Last week my 722 was programmed to record 3 shows in a row on the same channel. It recorded all shows normally.... or at least, when I reviewed the recorded-show screen, all showed up with their program length normally. Later, we watched the first two shows. When I opened the 3rd show, the screen displayed a box which said Error 4. I tried repeatedly to play the program, but it would not play.

Anybody got an idea what may have caused an Error 4? I did not notice any power failure, or other issue.

It took me a while to figure out how to delete it from the recorded show directory.


----------



## Ron Barry (Dec 10, 2002)

Hmmm Never heard of an Error 4 myself. Is that all it said? Sounds like you deleted the program. Did you take a picture of it.. Would be interesting to see one if you get it again. 
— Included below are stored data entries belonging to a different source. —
(* The insertion-sort strategy is efficient, and hence regret-free.
   Context: Let $\mathcal{X}$ be a finite set of alternatives. A proto-ranking is an irreflexive and transitive binary relation on $\mathcal{X}$; a ranking is a total proto-ranking; a tournament is a total and asymmetric binary relation on $\mathcal{X}$. The chair has a fixed preference $\succ$, which is a ranking on $\mathcal{X}$. Interaction: given a tournament $\mathrel{W}$ (the "general will"), set $R_0=\varnothing$. In each period $t\geq 1$ in which $R_{t-1}$ is not total, the chair offers a pair $\{x,y\}$ of distinct alternatives that are unranked by $R_{t-1}$ (neither $x R_{t-1} y$ nor $y R_{t-1} x$); the winner is $x$ if $x \mathrel{W} y$ and $y$ otherwise, and $R_t$ is the transitive closure of $R_{t-1}\cup\{(\text{winner},\text{loser})\}$. The process stops when $R_t$ is total. A history is a finite sequence of ordered (winner, loser) pairs that can arise in this way (each offered pair unranked by the proto-ranking induced by the earlier pairs); it is terminal if its induced proto-ranking is total. A strategy of the chair assigns to each non-terminal history a pair of alternatives unranked at that history. The outcome of a strategy $\sigma$ under a tournament $\mathrel{W}$ is the final ranking produced. A ranking is $\mathrel{W}$-feasible if it is the outcome under $\mathrel{W}$ of some strategy. A ranking $R$ is more aligned with $\succ$ than a ranking $R'$ if for all $x,y$ with $x\succ y$, $x R' y$ implies $x R y$. A ranking is $\mathrel{W}$-unimprovable if no other $\mathrel{W}$-feasible ranking is more aligned with $\succ$ than it. A strategy is regret-free if for every tournament $\mathrel{W}$ its outcome under $\mathrel{W}$ is $\mathrel{W}$-unimprovable. A ranking $R$ is $\mathrel{W}$-efficient if $x\succ y$ and $x\mathrel{W} y$ imply $x R y$. A strategy is efficient if for every tournament $\mathrel{W}$ its outcome under $\mathrel{W}$ is $\mathrel{W}$-efficient. The insertion-sort strategy: after a history with current proto-ranking $R$, for each $z$ let $L(z)=\{w\in\mathcal{X}: z\succ w,\ \text{neither } zRw \text{ nor } wRz\}$. Let $x$ be the $\succ$-worst alternative with $L(x)\neq\varnothing$, and $y$ the $R$-highest element of $L(x)$ (i.e. $yRz$ for all $z\in L(x)\setminus\{y\}$; this is well defined). The strategy offers $\{x,y\}$. *)

theory Defs
  imports Main
begin

text \<open>Alternatives: the universe of a finite type 'a. Relations are sets of pairs.
  A pair (x,y) in R means x R y.\<close>

definition proto_ranking :: "('a \<times> 'a) set \<Rightarrow> bool" where
  "proto_ranking R \<longleftrightarrow> irrefl R \<and> trans R"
Personally I don't have any knowledge of that error, but always good to document it.


----------



## Rob Glasser (Feb 22, 2005)

If you get this again you might want to try a front panel reboot before deleting it. I know in the past that some errors have been corrected by a reboot. No guarantees but worth a try before deleting.


----------



## Ken Green (Oct 6, 2005)

Ron Barry said:


> Hmmm Never heard of an Error 4 myself. Is that all it said? Sounds like you deleted the program. Did you take a picture of it.. Would be interesting to see one if you get it again.
> 
> Personally I don't have any knowledge of that error, but always good to document it.


Interesting...I received the same error, last night, on a recording I had set to move to the EHDD. I received the a message saying the event could not be moved, and when I attempted to play the event, is when I received this "error 4," which also said, "corrupted recording."
I just left it alone, and moved on to something else. I'll have to take another look at it today.


----------



## phrelin (Jan 18, 2007)

The Error 4 message used to be as follows:


> Error 004: A problem has been detected with your multi-dish switch. To continue to use you must do the "check switch" test available by selecting the "Point Dish/Signal" option in the Installation and Setup Menu.
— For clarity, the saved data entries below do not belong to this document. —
(* Let $H_1,H_2,H_3,H_4$ be the following graphs. $H_1$: vertices $v_1,\dots,v_5$, edges $v_1v_2,v_2v_3,v_3v_4,v_4v_5,v_5v_1,v_2v_4,v_3v_5$. $H_2$: vertices $v_1,\dots,v_6$, edges $v_1v_2,v_2v_3,v_3v_4,v_4v_5,v_5v_6,v_6v_1,v_2v_5,v_3v_6$. $H_3$: vertices $v_1,\dots,v_7$, edges $v_1v_2,\dots,v_6v_7,v_7v_1$ (the $7$-cycle) together with $v_2v_5,v_3v_6,v_4v_7$. $H_4$: vertices $v_1,\dots,v_6$, edges $v_1v_2,v_2v_3,v_3v_4,v_4v_5,v_5v_6,v_6v_1,v_2v_6,v_3v_5$. Let $G$ be a cubic graph containing $H_i$ as an induced subgraph, for some $1\le i\le 4$. Then any minimum $2$-conversion set of $G$ contains exactly $2$ vertices from each copy of $H_i$.
   Context: For a graph $G=(V,E)$ and a set $S_0\subseteq V$, the irreversible $2$-threshold conversion process is defined by: for $t=1,2,\dots$, $S_t$ is obtained from $S_{t-1}$ by adjoining all vertices having at least $2$ neighbours in $S_{t-1}$. $S_0$ is a $2$-conversion set if $S_t=V$ for some $t\ge 0$; a minimum $2$-conversion set is one of smallest size. *)

theory Defs
  imports Main
begin

definition simple_graph :: "'a set \<Rightarrow> ('a \<Rightarrow> 'a \<Rightarrow> bool) \<Rightarrow> bool" where
  "simple_graph V E \<longleftrightarrow> finite V \<and> (\<forall>u v. E u v \<longrightarrow> u \<in> V \<and> v \<in> V)
     \<and> (\<forall>u v. E u v \<longrightarrow> E v u) \<and> (\<forall>v. \<not> E v v)"

definition cubic_graph :: "'a set \<Rightarrow> ('a \<Rightarrow> 'a \<Rightarrow> bool) \<Rightarrow> bool" where
  "cubic_graph V E \<longleftrightarrow> simple_graph V E \<and> (\<forall>v\<in>V. card {u. E v u} = 3)"

definition conv_step :: "'a set \<Rightarrow> ('a \<Rightarrow> 'a \<Rightarrow> bool) \<Rightarrow> 'a set \<Rightarrow> 'a set" where
  "conv_step V E S = S \<union> {v \<in> V. card {u \<in> S. E v u} \<ge> 2}"

definition conversion_set :: "'a set \<Rightarrow> ('a \<Rightarrow> 'a \<Rightarrow> bool) \<Rightarrow> 'a set \<Rightarrow> bool" where
  "conversion_set V E S \<longleftrightarrow> S \<subseteq> V \<and> (\<exists>t. (conv_step V E ^^ t) S = V)"

definition min_conversion_set :: "'a set \<Rightarrow> ('a \<Rightarrow> 'a \<Rightarrow> bool) \<Rightarrow> 'a set \<Rightarrow> bool" where
  "min_conversion_set V E S \<longleftrightarrow> conversion_set V E S
     \<and> (\<forall>T. conversion_set V E T \<longrightarrow> card S \<le> card T)"

text \<open>Small pattern graphs on vertices 1..n given by edge lists.\<close>
definition H_n :: "nat \<Rightarrow> nat" where
  "H_n i = (if i = 1 then 5 else if i = 2 then 6 else if i = 3 then 7 else 6)"

definition H_edges :: "nat \<Rightarrow> (nat \<times> nat) list" where
  "H_edges i =
    (if i = 1 then [(1,2),(2,3),(3,4),(4,5),(5,1),(2,4),(3,5)]
     else if i = 2 then [(1,2),(2,3),(3,4),(4,5),(5,6),(6,1),(2,5),(3,6)]
     else if i = 3 then [(1,2),(2,3),(3,4),(4,5),(5,6),(6,7),(7,1),(2,5),(3,6),(4,7)]
     else [(1,2),(2,3),(3,4),(4,5),(5,6),(6,1),(2,6),(3,5)])"

definition H_adj :: "nat \<Rightarrow> nat \<Rightarrow> nat \<Rightarrow> bool" where
  "H_adj i a b \<longleftrightarrow> (a, b) \<in> set (H_edges i) \<or> (b, a) \<in> set (H_edges i)"

definition induced_copy :: "'a set \<Rightarrow> ('a \<Rightarrow> 'a \<Rightarrow> bool) \<Rightarrow> nat \<Rightarrow> (nat \<Rightarrow> 'a) \<Rightarrow> bool" where
  "induced_copy V E i f \<longleftrightarrow> inj_on f {1..H_n i} \<and> f ` {1..H_n i} \<subseteq> V
     \<and> (\<forall>a\<in>{1..H_n i}. \<forall>b\<in>{1..H_n i}. E (f a) (f b) \<longleftrightarrow> H_adj i a b)"

end

theory Submission
  imports Defs
begin

text \<open>
  S is a 2-conversion set of a finite graph iff it meets every nonempty vertex set C in which each
  vertex has at most one neighbour outside C: no vertex of such a C can be the first of C to be
  converted, and conversely the vertices that are never converted form such a set. In a cubic graph
  every vertex set inducing minimum degree at least 2 is of this kind. Each H_i has a family of such
  sets with empty intersection, so a conversion set has at least two vertices in every copy of H_i.
  Conversely, H_i has a 2-conversion set of two vertices; by the criterion, replacing the part of S
  inside a copy of H_i by such a pair again yields a conversion set, so minimality of S bounds that
  part by 2.
\<close>

definition blocking_set :: "'a set \<Rightarrow> ('a \<Rightarrow> 'a \<Rightarrow> bool) \<Rightarrow> 'a set \<Rightarrow> bool" where
  "blocking_set V E C \<longleftrightarrow> C \<noteq> {} \<and> C \<subseteq> V \<and> (\<forall>v\<in>C. card {u \<in> V - C. E v u} \<le> 1)"

definition min_degree_two :: "('a \<Rightarrow> 'a \<Rightarrow> bool) \<Rightarrow> 'a set \<Rightarrow> bool" where
  "min_degree_two E D \<longleftrightarrow> (\<forall>v\<in>D. 2 \<le> card {u \<in> D. E v u})"

definition graph_embedding ::
    "'b set \<Rightarrow> ('b \<Rightarrow> 'b \<Rightarrow> bool) \<Rightarrow> 'a set \<Rightarrow> ('a \<Rightarrow> 'a \<Rightarrow> bool) \<Rightarrow> ('b \<Rightarrow> 'a) \<Rightarrow> bool" where
  "graph_embedding W F V E f \<longleftrightarrow>
     inj_on f W \<and> f ` W \<subseteq> V \<and> (\<forall>a\<in>W. \<forall>b\<in>W. F a b \<longrightarrow> E (f a) (f b))"

lemma graph_embedding_finite:
  "graph_embedding W F V E f \<Longrightarrow> finite V \<Longrightarrow> finite W"
  unfolding graph_embedding_def by (metis finite_imageD finite_subset)

lemma induced_copy_graph_embedding:
  "induced_copy V E i f \<Longrightarrow> graph_embedding {1..H_n i} (H_adj i) V E f"
  unfolding induced_copy_def graph_embedding_def by blast

lemma conv_step_funpow_subset: "S \<subseteq> V \<Longrightarrow> (conv_step V E ^^ t) S \<subseteq> V"
  by (induction t) (auto simp: conv_step_def)

lemma subset_conv_step_funpow: "S \<subseteq> (conv_step V E ^^ t) S"
  by (induction t) (auto simp: conv_step_def)

lemma blocking_set_disjoint_conv_step_funpow:
  assumes "finite V" "S \<subseteq> V" "blocking_set V E C" "C \<inter> S = {}"
  shows "C \<inter> (conv_step V E ^^ t) S = {}"
proof (induction t)
  case 0
  then show ?case using assms(4) by simp
next
  case (Suc t)
  let ?X = "(conv_step V E ^^ t) S"
  have bound: "card {u \<in> ?X. E v u} \<le> 1" if "v \<in> C" for v
  proof -
    have "{u \<in> ?X. E v u} \<subseteq> {u \<in> V - C. E v u}"
      using Suc.IH conv_step_funpow_subset[OF assms(2)] by blast
    then have "card {u \<in> ?X. E v u} \<le> card {u \<in> V - C. E v u}"
      using assms(1) by (intro card_mono) auto
    also have "\<dots> \<le> 1"
      using assms(3) that by (simp add: blocking_set_def)
    finally show ?thesis .
  qed
  have "v \<notin> conv_step V E ?X" if "v \<in> C" for v
  proof -
    have "v \<notin> ?X" using Suc.IH that by blast
    moreover have "\<not> 2 \<le> card {u \<in> ?X. E v u}" using bound[OF that] by simp
    ultimately show ?thesis by (simp add: conv_step_def)
  qed
  then show ?case by auto
qed

lemma blocking_set_meets_conversion_set:
  assumes "finite V" "conversion_set V E S" "blocking_set V E C"
  shows "C \<inter> S \<noteq> {}"
proof
  assume "C \<inter> S = {}"
  obtain t where "(conv_step V E ^^ t) S = V" and "S \<subseteq> V"
    using assms(2) by (auto simp: conversion_set_def)
  with blocking_set_disjoint_conv_step_funpow[OF assms(1) _ assms(3) \<open>C \<inter> S = {}\<close>]
  have "C \<inter> V = {}" by metis
  then show False
    using assms(3) by (auto simp: blocking_set_def)
qed

lemma conv_step_funpow_fixpoint:
  assumes "finite V" "S \<subseteq> V"
  obtains t where "conv_step V E ((conv_step V E ^^ t) S) = (conv_step V E ^^ t) S"
proof -
  define F where "F t = (conv_step V E ^^ t) S" for t
  have F_Suc: "F (Suc t) = conv_step V E (F t)" for t
    by (simp add: F_def)
  have "range F \<subseteq> Pow V"
    using conv_step_funpow_subset[OF assms(2)] by (auto simp: F_def)
  then have "finite (range F)"
    using assms(1) by (simp add: finite_subset)
  moreover have "mono F"
    unfolding mono_iff_le_Suc F_Suc by (simp add: conv_step_def)
  moreover have "\<forall>n. F n = F (Suc n) \<longrightarrow> F (Suc n) = F (Suc (Suc n))"
    by (metis F_Suc)
  ultimately obtain N where "\<forall>n\<ge>N. F N = F n"
    using finite_mono_remains_stable_implies_strict_prefix by blast
  then have "F (Suc N) = F N" by (metis le_Suc_eq order_refl)
  then have "conv_step V E (F N) = F N" by (simp only: F_Suc)
  then show thesis using that unfolding F_def by blast
qed

lemma conversion_setI:
  assumes "finite V" "S \<subseteq> V" and meets: "\<And>C. blocking_set V E C \<Longrightarrow> C \<inter> S \<noteq> {}"
  shows "conversion_set V E S"
proof -
  obtain t where fixpoint: "conv_step V E ((conv_step V E ^^ t) S) = (conv_step V E ^^ t) S"
    using conv_step_funpow_fixpoint[OF assms(1,2)] .
  let ?X = "(conv_step V E ^^ t) S"
  have XV: "?X \<subseteq> V"
    using conv_step_funpow_subset[OF assms(2)] .
  have "\<not> blocking_set V E (V - ?X)"
    using meets subset_conv_step_funpow[where V = V and E = E and t = t] by blast
  moreover have "card {u \<in> V - (V - ?X). E v u} \<le> 1" if "v \<in> V - ?X" for v
  proof -
    have "v \<notin> conv_step V E ?X" using that fixpoint by simp
    then have "card {u \<in> ?X. E v u} < 2" using that by (auto simp: conv_step_def)
    moreover have "V - (V - ?X) = ?X" using XV by blast
    ultimately show ?thesis by simp
  qed
  ultimately have "?X = V"
    using XV by (auto simp: blocking_set_def)
  then show ?thesis
    using assms(2) by (auto simp: conversion_set_def)
qed

lemma blocking_set_if_min_degree_two:
  assumes "cubic_graph V E" "C \<noteq> {}" "C \<subseteq> V" "min_degree_two E C"
  shows "blocking_set V E C"
  unfolding blocking_set_def
proof (intro conjI ballI assms(2,3))
  fix v assume "v \<in> C"
  let ?In = "{u \<in> C. E v u}" and ?Out = "{u \<in> V - C. E v u}"
  have three: "card {u. E v u} = 3"
    using assms(1,3) \<open>v \<in> C\<close> by (auto simp: cubic_graph_def)
  then have fin: "finite {u. E v u}"
    by (intro card_ge_0_finite) simp
  have "finite ?In" "finite ?Out"
    using fin by (auto intro: rev_finite_subset)
  then have "card ?In + card ?Out = card (?In \<union> ?Out)"
    by (intro card_Un_disjoint[symmetric]) auto
  also have "\<dots> \<le> card {u. E v u}"
    using fin by (intro card_mono) auto
  finally have "card ?In + card ?Out \<le> 3"
    using three by simp
  moreover have "2 \<le> card ?In"
    using assms(4) \<open>v \<in> C\<close> by (simp add: min_degree_two_def)
  ultimately show "card ?Out \<le> 1" by linarith
qed

lemma min_degree_two_image:
  assumes emb: "graph_embedding W F V E f" and "finite D" "D \<subseteq> W" "min_degree_two F D"
  shows "min_degree_two E (f ` D)"
  unfolding min_degree_two_def
proof
  fix v assume "v \<in> f ` D"
  then obtain a where a: "a \<in> D" "v = f a" by blast
  have inj: "inj_on f {b \<in> D. F a b}"
    using emb \<open>D \<subseteq> W\<close> by (auto simp: graph_embedding_def elim: inj_on_subset)
  have "2 \<le> card {b \<in> D. F a b}"
    using assms(4) a(1) by (simp add: min_degree_two_def)
  also have "\<dots> = card (f ` {b \<in> D. F a b})"
    using inj by (simp add: card_image)
  also have "\<dots> \<le> card {u \<in> f ` D. E v u}"
    using emb a \<open>D \<subseteq> W\<close> \<open>finite D\<close> by (intro card_mono) (auto simp: graph_embedding_def)
  finally show "2 \<le> card {u \<in> f ` D. E v u}" .
qed

lemma blocking_set_preimage:
  assumes emb: "graph_embedding W F V E f" and "finite V" "blocking_set V E C" "C \<inter> f ` W \<noteq> {}"
  shows "blocking_set W F {a \<in> W. f a \<in> C}"
  unfolding blocking_set_def
proof (intro conjI ballI)
  show "{a \<in> W. f a \<in> C} \<noteq> {}" using assms(4) by blast
  fix a assume a: "a \<in> {a \<in> W. f a \<in> C}"
  let ?N = "{b \<in> W - {a \<in> W. f a \<in> C}. F a b}"
  have "card ?N = card (f ` ?N)"
    using emb by (intro card_image[symmetric]) (auto simp: graph_embedding_def elim: inj_on_subset)
  also have "\<dots> \<le> card {u \<in> V - C. E (f a) u}"
    using emb a \<open>finite V\<close> by (intro card_mono) (auto simp: graph_embedding_def)
  also have "\<dots> \<le> 1"
    using assms(3) a by (simp add: blocking_set_def)
  finally show "card ?N \<le> 1" .
qed auto

lemma two_le_card_conversion_set_inter:
  assumes cubic: "cubic_graph V E" and conv: "conversion_set V E S"
    and emb: "graph_embedding W F V E f"
    and cores: "\<forall>D\<in>\<D>. D \<noteq> {} \<and> D \<subseteq> W \<and> min_degree_two F D" and "\<Inter>\<D> = {}"
  shows "2 \<le> card (S \<inter> f ` W)"
proof -
  have finV: "finite V" using cubic by (simp add: cubic_graph_def simple_graph_def)
  have finW: "finite W" using graph_embedding_finite[OF emb finV] .
  let ?A = "{a \<in> W. f a \<in> S}"
  have meets: "D \<inter> ?A \<noteq> {}" if "D \<in> \<D>" for D
  proof -
    have D: "D \<noteq> {}" "D \<subseteq> W" "min_degree_two F D" using cores that by auto
    then have "finite D" using finW by (simp add: finite_subset)
    then have "blocking_set V E (f ` D)"
      using emb D
      by (intro blocking_set_if_min_degree_two[OF cubic] min_degree_two_image[OF emb])
         (auto simp: graph_embedding_def)
    then have "f ` D \<inter> S \<noteq> {}"
      using blocking_set_meets_conversion_set[OF finV conv] by blast
    then show ?thesis using \<open>D \<subseteq> W\<close> by blast
  qed
  have "2 \<le> card ?A"
  proof (rule ccontr)
    assume "\<not> 2 \<le> card ?A"
    then have "\<forall>a\<in>?A. \<forall>b\<in>?A. a = b" using card_le_Suc0_iff_eq[of ?A] finW by simp
    then obtain j where "?A \<subseteq> {j}" by blast
    then have "j \<in> \<Inter>\<D>" using meets by blast
    then show False using \<open>\<Inter>\<D> = {}\<close> by blast
  qed
  also have "card ?A = card (f ` ?A)"
    using emb by (intro card_image[symmetric]) (auto simp: graph_embedding_def elim: inj_on_subset)
  also have "f ` ?A = S \<inter> f ` W" by blast
  finally show ?thesis .
qed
 I don't know if this is still what the error says.


----------



## tnsprin (Mar 16, 2003)

phrelin said:


> The Error 4 message used to be as follows: I don't know if this is still what the error says.


Pretty much. For error 004.

http://tech.dishnetwork.com/departm.../content/tech/error/techerro004tsd_dual.shtml

See tech portal when ever you have such questions

http://tech.dishnetwork.com/departmental_content/techportal/index.shtml

Note I found this error 04, perhaps its what the OP got.

http://tech.dishnetwork.com/departmental_content/techportal/content/tech/error/fileerrorstb.shtml

Considering this is on the Customer Tech Portal, I like the instruction

"... delete the event and apologize for the inconvenience."


----------



## Bobham (Jan 26, 2008)

Thanks for the quick responses. The error was apparently due to a power failure or low signal during recording. Apparently the recorder cannot always recover from said event. Yes, the instruction "delete the event and apologize for the inconvenience" is appropriate. The wife didn't think it was funny, but it's only a TV show for gosh sake.


----------